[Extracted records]
═══

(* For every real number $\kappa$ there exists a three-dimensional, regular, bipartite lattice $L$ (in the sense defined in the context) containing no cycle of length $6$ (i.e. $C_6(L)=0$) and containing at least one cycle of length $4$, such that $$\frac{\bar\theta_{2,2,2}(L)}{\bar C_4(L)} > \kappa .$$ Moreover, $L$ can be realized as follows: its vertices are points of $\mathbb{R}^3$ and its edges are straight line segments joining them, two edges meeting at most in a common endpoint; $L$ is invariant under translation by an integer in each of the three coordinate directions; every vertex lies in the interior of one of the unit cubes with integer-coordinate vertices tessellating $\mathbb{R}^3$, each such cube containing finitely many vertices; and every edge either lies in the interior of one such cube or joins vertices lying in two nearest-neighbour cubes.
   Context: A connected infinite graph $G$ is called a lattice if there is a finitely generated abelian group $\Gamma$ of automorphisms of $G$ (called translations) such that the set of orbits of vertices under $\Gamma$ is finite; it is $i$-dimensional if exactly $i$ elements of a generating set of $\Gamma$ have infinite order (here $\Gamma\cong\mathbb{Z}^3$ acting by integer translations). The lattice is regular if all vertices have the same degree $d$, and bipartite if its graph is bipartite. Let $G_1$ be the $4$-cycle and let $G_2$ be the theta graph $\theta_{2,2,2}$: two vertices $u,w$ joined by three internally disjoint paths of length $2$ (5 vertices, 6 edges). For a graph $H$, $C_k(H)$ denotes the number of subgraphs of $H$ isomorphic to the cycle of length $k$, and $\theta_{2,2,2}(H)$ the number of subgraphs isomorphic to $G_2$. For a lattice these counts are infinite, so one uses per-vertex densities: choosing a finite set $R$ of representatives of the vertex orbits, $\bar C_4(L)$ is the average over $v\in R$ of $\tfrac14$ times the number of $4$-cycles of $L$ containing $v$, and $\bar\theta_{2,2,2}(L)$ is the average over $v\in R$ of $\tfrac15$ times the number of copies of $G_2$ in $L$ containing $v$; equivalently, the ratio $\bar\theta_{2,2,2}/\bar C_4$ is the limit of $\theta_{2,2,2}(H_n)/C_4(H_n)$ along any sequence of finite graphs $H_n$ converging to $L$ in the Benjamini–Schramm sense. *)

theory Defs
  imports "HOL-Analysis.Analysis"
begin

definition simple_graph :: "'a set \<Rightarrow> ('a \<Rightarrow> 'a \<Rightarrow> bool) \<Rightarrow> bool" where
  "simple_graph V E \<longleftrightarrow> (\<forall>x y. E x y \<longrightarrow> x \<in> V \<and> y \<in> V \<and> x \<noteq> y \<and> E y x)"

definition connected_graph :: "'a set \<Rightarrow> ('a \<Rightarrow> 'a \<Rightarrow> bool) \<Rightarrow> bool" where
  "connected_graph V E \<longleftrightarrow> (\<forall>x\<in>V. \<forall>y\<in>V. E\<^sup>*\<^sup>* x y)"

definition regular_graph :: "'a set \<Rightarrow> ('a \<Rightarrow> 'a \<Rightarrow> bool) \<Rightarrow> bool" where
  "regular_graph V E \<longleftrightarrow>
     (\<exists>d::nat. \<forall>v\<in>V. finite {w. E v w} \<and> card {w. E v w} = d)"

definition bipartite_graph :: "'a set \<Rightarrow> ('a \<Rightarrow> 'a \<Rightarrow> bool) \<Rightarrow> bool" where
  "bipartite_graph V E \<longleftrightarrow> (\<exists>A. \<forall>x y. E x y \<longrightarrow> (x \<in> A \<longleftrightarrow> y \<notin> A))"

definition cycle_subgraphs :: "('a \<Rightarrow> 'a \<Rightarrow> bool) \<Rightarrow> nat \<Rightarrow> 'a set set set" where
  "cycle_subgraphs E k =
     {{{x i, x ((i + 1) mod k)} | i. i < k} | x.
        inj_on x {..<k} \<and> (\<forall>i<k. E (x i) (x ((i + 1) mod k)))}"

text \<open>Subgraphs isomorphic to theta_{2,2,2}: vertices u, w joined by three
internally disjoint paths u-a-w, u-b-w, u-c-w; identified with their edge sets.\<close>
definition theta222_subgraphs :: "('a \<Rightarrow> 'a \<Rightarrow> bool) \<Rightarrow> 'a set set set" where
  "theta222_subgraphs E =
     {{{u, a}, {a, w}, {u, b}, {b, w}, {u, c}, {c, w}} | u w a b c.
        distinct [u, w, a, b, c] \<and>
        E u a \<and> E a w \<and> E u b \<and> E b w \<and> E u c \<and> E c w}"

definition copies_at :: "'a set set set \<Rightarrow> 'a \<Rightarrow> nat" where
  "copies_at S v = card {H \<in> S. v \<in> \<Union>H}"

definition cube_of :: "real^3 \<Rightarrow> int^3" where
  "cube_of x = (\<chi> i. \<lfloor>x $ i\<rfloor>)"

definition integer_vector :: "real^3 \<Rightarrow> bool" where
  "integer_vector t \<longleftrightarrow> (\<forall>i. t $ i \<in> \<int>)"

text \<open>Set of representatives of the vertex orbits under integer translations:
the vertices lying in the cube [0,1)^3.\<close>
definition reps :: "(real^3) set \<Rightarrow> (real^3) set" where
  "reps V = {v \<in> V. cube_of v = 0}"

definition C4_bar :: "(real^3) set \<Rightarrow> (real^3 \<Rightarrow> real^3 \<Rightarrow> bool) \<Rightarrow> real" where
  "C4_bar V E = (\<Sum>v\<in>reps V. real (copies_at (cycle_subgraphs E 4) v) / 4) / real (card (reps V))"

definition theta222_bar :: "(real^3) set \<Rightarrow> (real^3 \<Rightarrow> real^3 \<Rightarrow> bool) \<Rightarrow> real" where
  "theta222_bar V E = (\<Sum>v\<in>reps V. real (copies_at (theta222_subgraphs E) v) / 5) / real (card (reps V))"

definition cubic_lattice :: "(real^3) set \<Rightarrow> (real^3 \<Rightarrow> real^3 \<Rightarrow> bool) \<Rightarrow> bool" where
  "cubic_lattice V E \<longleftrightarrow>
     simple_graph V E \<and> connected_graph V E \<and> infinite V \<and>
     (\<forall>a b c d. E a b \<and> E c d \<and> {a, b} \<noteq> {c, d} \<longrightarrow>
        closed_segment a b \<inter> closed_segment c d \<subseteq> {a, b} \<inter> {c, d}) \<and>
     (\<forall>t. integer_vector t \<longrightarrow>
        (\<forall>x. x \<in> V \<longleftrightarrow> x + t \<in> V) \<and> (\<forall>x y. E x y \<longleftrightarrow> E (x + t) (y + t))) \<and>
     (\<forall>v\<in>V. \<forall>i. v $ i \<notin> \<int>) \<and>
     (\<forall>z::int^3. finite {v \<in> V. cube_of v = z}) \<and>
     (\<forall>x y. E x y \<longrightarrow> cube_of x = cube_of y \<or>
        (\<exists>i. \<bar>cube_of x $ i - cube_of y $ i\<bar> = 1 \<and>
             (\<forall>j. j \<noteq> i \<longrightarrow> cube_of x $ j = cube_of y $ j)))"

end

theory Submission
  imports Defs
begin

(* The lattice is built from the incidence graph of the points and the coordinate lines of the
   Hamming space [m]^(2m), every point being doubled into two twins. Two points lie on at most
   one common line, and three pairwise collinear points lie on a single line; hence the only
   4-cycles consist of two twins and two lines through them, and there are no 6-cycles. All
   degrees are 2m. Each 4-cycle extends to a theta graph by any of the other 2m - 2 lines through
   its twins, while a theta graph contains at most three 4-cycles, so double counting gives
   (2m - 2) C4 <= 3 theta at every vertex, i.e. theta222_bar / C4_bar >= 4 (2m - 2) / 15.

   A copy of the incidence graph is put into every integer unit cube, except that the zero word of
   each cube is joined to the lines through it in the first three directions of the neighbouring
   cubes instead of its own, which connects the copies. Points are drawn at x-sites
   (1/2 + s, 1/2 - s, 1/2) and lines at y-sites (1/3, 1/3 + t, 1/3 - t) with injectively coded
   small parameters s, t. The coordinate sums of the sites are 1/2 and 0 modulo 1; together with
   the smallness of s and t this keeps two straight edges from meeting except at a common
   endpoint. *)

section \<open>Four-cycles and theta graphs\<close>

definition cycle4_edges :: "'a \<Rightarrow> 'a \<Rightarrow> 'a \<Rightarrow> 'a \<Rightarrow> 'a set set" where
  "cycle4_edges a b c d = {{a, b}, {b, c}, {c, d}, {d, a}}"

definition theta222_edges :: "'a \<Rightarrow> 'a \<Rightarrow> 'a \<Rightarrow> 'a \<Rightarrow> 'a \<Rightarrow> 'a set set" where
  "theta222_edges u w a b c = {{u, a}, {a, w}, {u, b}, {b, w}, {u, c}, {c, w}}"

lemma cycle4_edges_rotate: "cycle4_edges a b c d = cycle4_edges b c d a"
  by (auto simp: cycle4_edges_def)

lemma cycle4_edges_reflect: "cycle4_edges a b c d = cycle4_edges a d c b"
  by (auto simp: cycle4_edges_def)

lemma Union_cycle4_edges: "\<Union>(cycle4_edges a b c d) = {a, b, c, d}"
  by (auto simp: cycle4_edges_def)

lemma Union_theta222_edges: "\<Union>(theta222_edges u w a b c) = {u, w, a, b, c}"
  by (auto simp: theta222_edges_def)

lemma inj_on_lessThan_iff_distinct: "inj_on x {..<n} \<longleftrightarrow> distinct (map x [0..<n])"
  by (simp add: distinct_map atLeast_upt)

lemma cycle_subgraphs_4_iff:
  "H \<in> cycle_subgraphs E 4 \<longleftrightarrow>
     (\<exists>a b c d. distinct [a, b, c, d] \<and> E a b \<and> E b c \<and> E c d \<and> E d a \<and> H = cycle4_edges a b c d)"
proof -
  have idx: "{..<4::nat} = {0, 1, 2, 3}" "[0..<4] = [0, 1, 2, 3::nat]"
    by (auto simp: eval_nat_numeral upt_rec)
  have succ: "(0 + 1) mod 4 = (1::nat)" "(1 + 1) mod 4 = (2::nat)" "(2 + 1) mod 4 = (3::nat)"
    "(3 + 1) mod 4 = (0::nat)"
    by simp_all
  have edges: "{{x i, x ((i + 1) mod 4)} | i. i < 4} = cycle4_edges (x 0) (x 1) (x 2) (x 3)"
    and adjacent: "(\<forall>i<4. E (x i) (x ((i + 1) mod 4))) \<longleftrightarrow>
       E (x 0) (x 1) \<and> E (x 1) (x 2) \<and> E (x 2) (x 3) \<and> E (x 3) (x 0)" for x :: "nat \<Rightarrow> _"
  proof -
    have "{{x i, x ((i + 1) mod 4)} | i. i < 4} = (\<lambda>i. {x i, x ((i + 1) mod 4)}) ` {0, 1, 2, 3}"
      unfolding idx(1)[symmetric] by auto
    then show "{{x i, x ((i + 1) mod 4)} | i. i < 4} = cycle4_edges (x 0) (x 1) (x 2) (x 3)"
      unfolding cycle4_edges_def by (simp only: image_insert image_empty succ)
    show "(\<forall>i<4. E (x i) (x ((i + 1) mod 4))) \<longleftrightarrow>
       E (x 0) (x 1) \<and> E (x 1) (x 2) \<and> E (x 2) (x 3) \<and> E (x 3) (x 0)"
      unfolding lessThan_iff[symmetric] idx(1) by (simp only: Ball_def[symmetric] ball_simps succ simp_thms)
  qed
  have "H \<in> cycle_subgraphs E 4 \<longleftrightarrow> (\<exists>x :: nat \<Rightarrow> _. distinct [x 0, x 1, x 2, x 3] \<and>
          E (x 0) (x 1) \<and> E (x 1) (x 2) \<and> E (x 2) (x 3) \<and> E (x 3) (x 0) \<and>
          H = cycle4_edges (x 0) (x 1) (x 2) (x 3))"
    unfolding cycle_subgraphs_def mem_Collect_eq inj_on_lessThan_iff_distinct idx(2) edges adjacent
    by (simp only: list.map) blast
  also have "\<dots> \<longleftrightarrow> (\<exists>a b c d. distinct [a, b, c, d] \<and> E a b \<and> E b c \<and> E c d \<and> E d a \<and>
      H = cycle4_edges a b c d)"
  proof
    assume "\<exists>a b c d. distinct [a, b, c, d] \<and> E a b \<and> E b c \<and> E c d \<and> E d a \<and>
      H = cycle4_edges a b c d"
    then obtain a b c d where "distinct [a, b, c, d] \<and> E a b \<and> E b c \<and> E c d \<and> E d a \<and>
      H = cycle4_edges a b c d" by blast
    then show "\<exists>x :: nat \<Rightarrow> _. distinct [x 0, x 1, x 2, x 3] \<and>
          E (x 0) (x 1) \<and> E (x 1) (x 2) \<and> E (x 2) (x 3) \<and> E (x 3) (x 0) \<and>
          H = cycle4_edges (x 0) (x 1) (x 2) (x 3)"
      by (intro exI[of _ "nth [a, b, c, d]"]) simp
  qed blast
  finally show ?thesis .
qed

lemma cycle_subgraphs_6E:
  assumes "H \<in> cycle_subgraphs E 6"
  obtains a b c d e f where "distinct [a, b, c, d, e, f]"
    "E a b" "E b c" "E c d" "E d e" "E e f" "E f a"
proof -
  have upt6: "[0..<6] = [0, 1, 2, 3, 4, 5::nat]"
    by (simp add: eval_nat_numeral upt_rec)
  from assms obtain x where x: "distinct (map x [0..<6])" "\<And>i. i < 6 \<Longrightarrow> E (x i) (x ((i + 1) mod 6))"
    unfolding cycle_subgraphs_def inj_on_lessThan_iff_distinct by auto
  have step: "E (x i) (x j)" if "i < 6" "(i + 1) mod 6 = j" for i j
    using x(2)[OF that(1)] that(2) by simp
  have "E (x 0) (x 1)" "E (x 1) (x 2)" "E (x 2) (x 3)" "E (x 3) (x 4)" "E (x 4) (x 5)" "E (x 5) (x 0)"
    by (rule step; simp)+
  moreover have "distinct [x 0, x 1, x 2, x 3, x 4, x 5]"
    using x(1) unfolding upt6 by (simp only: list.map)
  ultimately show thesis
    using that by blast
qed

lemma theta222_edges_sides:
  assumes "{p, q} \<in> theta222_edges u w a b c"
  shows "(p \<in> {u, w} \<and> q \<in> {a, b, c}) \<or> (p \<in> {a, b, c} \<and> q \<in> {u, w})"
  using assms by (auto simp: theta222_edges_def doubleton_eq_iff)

═══

TASK DESCRIPTION: Show every line in the entries where the string "symmetric" occurs.

TASK RESULT:
      unfolding idx(1)[symmetric] by auto
      unfolding lessThan_iff[symmetric] idx(1) by (simp only: Ball_def[symmetric] ball_simps succ simp_thms)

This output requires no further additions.